Events
O2M Webinar: Instrumentation and Applications of In Vivo Electron Paramagnetic Resonance Imaging: The NCI Experience | Murali Krishna Cherukuri, Ph.D., NCI
Instrumentation and Applications In Vivo Electron Paramagnetic Resonance Imaging: The NCI Experience
Moderator: Dr. Periannan Kuppusamy, Ph.D., Dartmouth College
About the Speaker: Dr. Krishna, Murali, obtained a PhD from the Indian Institute of Technology in Madras, India, in 1984. He then joined the National Cancer Institute (NCI) as a Visiting Fellow in 1984. Since 1993, Murali has been a Principal Investigator, and Chief of the Biophysical Spectroscopy Section of the Radiation Biology Branch, Center for Cancer Research, NCI. In 2006, he was inducted into Senior Biomedical Research Service at NIH. His activities and accomplishments have directly related to the fields of radiation oncology and cancer biology. Over the years, Murali has published over 300 articles. Among the many honors and scientific recognitions awarded to Murali are the several Federal Technology Transfer Awards and an Invitational Visiting professorship with the Japan Society for Promotion of Science. He has been a member of the Editorial Board of Magnetic Resonance in Medicine since 2005 and is currently a member of the editorial board for the AACR journal Cancer Research. He is a member of the Interagency Group/National Security Agency for allocation of 3He. He was championing the allotment of 3He for medical imaging. He is the key member in the NCI clinical metabolic MRI. Murali is a major leader in EPR instrumentation development, testing, and biological applications of novel, non-invasive molecular/functional imaging modalities for potential clinical applications. His research has focused on two areas of molecular imaging: the measurement of tumor and normal tissue oxygen concentration, and hyperpolarized 13C-pyruvate metabolic imaging. Importantly, his pre-clinical research is expanding our knowledge of the tumor microenvironment with respect to tumor hypoxia and its clinical implications. He has a latitude of superb scientific judgment and balanced wisdom to make significant contributions in clinical and translation imaging in cancer. In 2014, was awarded the IES Silver Medal in Biology/Medicine in recognition of his outstanding contribution and dedication to advancing the biomedical application of EPR technology, translating basic research for clinical applications, and excellence in scientific research.
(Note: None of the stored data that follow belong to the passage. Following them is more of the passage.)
(* For every integer $t$, there exists a connected non-bipartite graph whose adjacency matrix has exactly four distinct eigenvalues and which has at least $t$ distinct valencies.
   Context: Graphs are finite, simple and undirected; eigenvalues of a graph are those of its adjacency matrix; valencies are vertex degrees. *)

theory Defs
  imports "Jordan_Normal_Form.Char_Poly"
begin

text \<open>A finite simple graph on the vertex set {0..<n}, given by an edge relation E
  (only its restriction to {0..<n} matters).\<close>

definition simple_graph :: "nat \<Rightarrow> (nat \<Rightarrow> nat \<Rightarrow> bool) \<Rightarrow> bool" where
  "simple_graph n E \<longleftrightarrow> (\<forall>u<n. \<forall>v<n. E u v \<longleftrightarrow> E v u) \<and> (\<forall>u<n. \<not> E u u)"

definition adj_matrix :: "nat \<Rightarrow> (nat \<Rightarrow> nat \<Rightarrow> bool) \<Rightarrow> real mat" where
  "adj_matrix n E = mat n n (\<lambda>(i, j). if E i j then 1 else 0)"

definition graph_eigenvalues :: "nat \<Rightarrow> (nat \<Rightarrow> nat \<Rightarrow> bool) \<Rightarrow> real set" where
  "graph_eigenvalues n E = {k. eigenvalue (adj_matrix n E) k}"

definition connected_graph :: "nat \<Rightarrow> (nat \<Rightarrow> nat \<Rightarrow> bool) \<Rightarrow> bool" where
  "connected_graph n E \<longleftrightarrow> n \<ge> 1 \<and>
     (\<forall>u<n. \<forall>v<n. (\<lambda>x y. x < n \<and> y < n \<and> E x y)\<^sup>*\<^sup>* u v)"

definition bipartite_graph :: "nat \<Rightarrow> (nat \<Rightarrow> nat \<Rightarrow> bool) \<Rightarrow> bool" where
  "bipartite_graph n E \<longleftrightarrow> (\<exists>c :: nat \<Rightarrow> bool. \<forall>u<n. \<forall>v<n. E u v \<longrightarrow> c u \<noteq> c v)"

definition valency :: "nat \<Rightarrow> (nat \<Rightarrow> nat \<Rightarrow> bool) \<Rightarrow> nat \<Rightarrow> nat" where
  "valency n E v = card {u. u < n \<and> E v u}"

definition valencies :: "nat \<Rightarrow> (nat \<Rightarrow> nat \<Rightarrow> bool) \<Rightarrow> nat set" where
  "valencies n E = valency n E ` {0..<n}"

end

theory Submission
  imports Defs
begin

text \<open>Take a design on \<open>v\<close> points in which every point lies in \<open>\<beta>\<^sup>2\<close> blocks and every two
  points lie in \<open>\<beta>\<close> blocks, and form the graph whose points are a clique \<open>K\<^sub>v\<close> and whose blocks
  are further vertices joined to their points. For an eigenvector with eigenvalue \<open>k \<noteq> 0\<close> the block
  entries are determined by the point entries \<open>x\<close>, which satisfy
  \<open>(k + \<beta>)(k - \<beta> + 1) x\<^sub>p = (k + \<beta>) \<Sum>x\<close> for every point \<open>p\<close>. Hence either \<open>k \<in> {-\<beta>, \<beta> - 1}\<close>
  (with \<open>\<Sum>x = 0\<close>) or \<open>x\<close> is constant and \<open>k = \<beta> - 1 + v\<close>; a repeated block gives the eigenvalue 0.
  The graph contains triangles, so it is not bipartite, and a block vertex has valency equal to the
  size of its block. All nonempty subsets of a \<open>v\<close>-set together with \<open>\<beta>(\<beta> - 2)\<close> copies of every
  singleton, \<open>\<beta> = 2\<^sup>v\<^sup>-\<^sup>2\<close>, form such a design with block sizes \<open>1, \<dots>, v\<close>.\<close>

lemma adj_matrix_mult_vec_nth:
  assumes "i < n"
  shows "(adj_matrix n E *\<^sub>v vec n w) $ i = (\<Sum>j | j < n \<and> E i j. w j)"
proof -
  have "(adj_matrix n E *\<^sub>v vec n w) $ i = (\<Sum>j\<in>{0..<n}. (if E i j then 1 else 0) * w j)"
    using assms by (simp add: adj_matrix_def scalar_prod_def row_def)
  also have "\<dots> = (\<Sum>j\<in>{0..<n}. if E i j then w j else 0)"
    by (intro sum.cong) auto
  also have "\<dots> = (\<Sum>j | j < n \<and> E i j. w j)"
    by (simp add: sum.If_cases atLeast0LessThan Collect_conj_eq lessThan_def Int_commute)
  finally show ?thesis .
qed

lemma eigenvalue_adj_matrix_iff:
  "eigenvalue (adj_matrix n E) k \<longleftrightarrow>
   (\<exists>w. (\<exists>i<n. w i \<noteq> 0) \<and> (\<forall>i<n. (\<Sum>j | j < n \<and> E i j. w j) = k * w i))"
proof
  assume "eigenvalue (adj_matrix n E) k"
  then obtain u where u: "u \<in> carrier_vec n" "u \<noteq> 0\<^sub>v n" "adj_matrix n E *\<^sub>v u = k \<cdot>\<^sub>v u"
    unfolding eigenvalue_def eigenvector_def by (auto simp: adj_matrix_def)
  define w where "w i = u $ i" for i
  have u_eq: "u = vec n w"
    using u(1) unfolding w_def by auto
  have "\<exists>i<n. w i \<noteq> 0"
    using u(1,2) unfolding w_def by (metis eq_vecI carrier_vecD index_zero_vec)
  moreover have "(\<Sum>j | j < n \<and> E i j. w j) = k * w i" if "i < n" for i
    using arg_cong[OF u(3), of "\<lambda>x. x $ i"] adj_matrix_mult_vec_nth[OF that, of E w] that u_eq
    by simp
  ultimately show "\<exists>w. (\<exists>i<n. w i \<noteq> 0) \<and> (\<forall>i<n. (\<Sum>j | j < n \<and> E i j. w j) = k * w i)"
    by blast
next
  assume "\<exists>w. (\<exists>i<n. w i \<noteq> 0) \<and> (\<forall>i<n. (\<Sum>j | j < n \<and> E i j. w j) = k * w i)"
  then obtain w where w: "\<exists>i<n. w i \<noteq> 0" "\<forall>i<n. (\<Sum>j | j < n \<and> E i j. w j) = k * w i"
    by blast
  have "vec n w \<noteq> 0\<^sub>v n"
    using w(1) by (metis index_vec index_zero_vec(1))
  moreover have "adj_matrix n E *\<^sub>v vec n w = k \<cdot>\<^sub>v vec n w"
    by (rule eq_vecI) (use w(2) adj_matrix_mult_vec_nth in \<open>auto simp: adj_matrix_def\<close>)
  ultimately have "eigenvector (adj_matrix n E) (vec n w) k"
    unfolding eigenvector_def by (simp add: adj_matrix_def)
  then show "eigenvalue (adj_matrix n E) k"
    unfolding eigenvalue_def by blast
qed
About the Webinar: The influence of molecular oxygen with its two unpaired electrons on a biocompatible paramagnetic spin probe’s spin-lattice (T1) and spin-spin (T2) relaxation processes allows the determination of pO2 in vivo non-invasively and quantitatively. EPR signals can be acquired through frequency-domain or time-domain modes of acquisition. EPR images can be generated by either projection-reconstruction using frequency encoding or phase-encoding of the spatial distribution. Obtaining the pO2 dependent line widths can be achieved by Spectral-spatial or T2-weighted approaches. An overview of the signal acquisition, image formation and reconstruction will be presented. Applications in pre-clinical models of human cancer will be presented.